*** Data in this exercise ***

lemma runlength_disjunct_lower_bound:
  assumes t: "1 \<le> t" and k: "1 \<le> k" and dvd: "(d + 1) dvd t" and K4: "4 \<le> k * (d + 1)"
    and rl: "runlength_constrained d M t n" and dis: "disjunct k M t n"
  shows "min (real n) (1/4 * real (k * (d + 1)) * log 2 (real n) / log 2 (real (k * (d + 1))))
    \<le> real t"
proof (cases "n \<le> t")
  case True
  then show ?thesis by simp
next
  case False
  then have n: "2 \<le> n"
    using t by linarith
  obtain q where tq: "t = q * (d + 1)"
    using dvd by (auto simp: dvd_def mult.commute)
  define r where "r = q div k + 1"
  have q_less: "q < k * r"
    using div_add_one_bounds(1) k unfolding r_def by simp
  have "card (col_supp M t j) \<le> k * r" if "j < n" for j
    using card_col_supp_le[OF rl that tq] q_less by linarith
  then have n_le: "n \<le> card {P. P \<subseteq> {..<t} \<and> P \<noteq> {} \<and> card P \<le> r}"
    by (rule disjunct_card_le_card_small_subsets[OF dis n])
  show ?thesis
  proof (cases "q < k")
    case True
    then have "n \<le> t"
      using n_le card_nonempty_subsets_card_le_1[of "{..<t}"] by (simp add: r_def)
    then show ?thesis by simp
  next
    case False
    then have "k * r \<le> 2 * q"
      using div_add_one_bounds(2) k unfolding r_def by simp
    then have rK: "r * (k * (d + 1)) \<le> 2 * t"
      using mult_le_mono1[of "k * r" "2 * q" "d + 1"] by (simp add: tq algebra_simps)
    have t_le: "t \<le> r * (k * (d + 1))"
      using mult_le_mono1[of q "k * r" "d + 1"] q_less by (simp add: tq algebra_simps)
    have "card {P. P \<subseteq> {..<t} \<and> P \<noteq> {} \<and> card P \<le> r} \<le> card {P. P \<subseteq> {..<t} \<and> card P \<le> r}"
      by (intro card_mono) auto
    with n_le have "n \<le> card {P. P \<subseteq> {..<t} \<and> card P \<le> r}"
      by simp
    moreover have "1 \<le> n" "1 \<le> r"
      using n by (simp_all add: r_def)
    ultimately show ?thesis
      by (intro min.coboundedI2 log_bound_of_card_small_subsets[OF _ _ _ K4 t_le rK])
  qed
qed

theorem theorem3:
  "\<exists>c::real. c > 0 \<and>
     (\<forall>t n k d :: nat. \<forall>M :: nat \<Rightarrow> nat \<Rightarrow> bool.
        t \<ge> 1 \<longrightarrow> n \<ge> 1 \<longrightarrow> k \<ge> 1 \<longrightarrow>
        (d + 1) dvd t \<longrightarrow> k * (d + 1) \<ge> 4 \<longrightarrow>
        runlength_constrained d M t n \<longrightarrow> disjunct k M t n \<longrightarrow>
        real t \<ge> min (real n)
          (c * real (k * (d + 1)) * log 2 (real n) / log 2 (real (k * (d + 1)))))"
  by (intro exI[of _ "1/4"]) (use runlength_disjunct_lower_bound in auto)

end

*** End of Data in this exercise ***

**Task prompt:** Wherever the word "thesis" appears in the data, return the whole line.

**Your response:**
  then show ?thesis by simp
  show ?thesis
    then show ?thesis by simp
    ultimately show ?thesis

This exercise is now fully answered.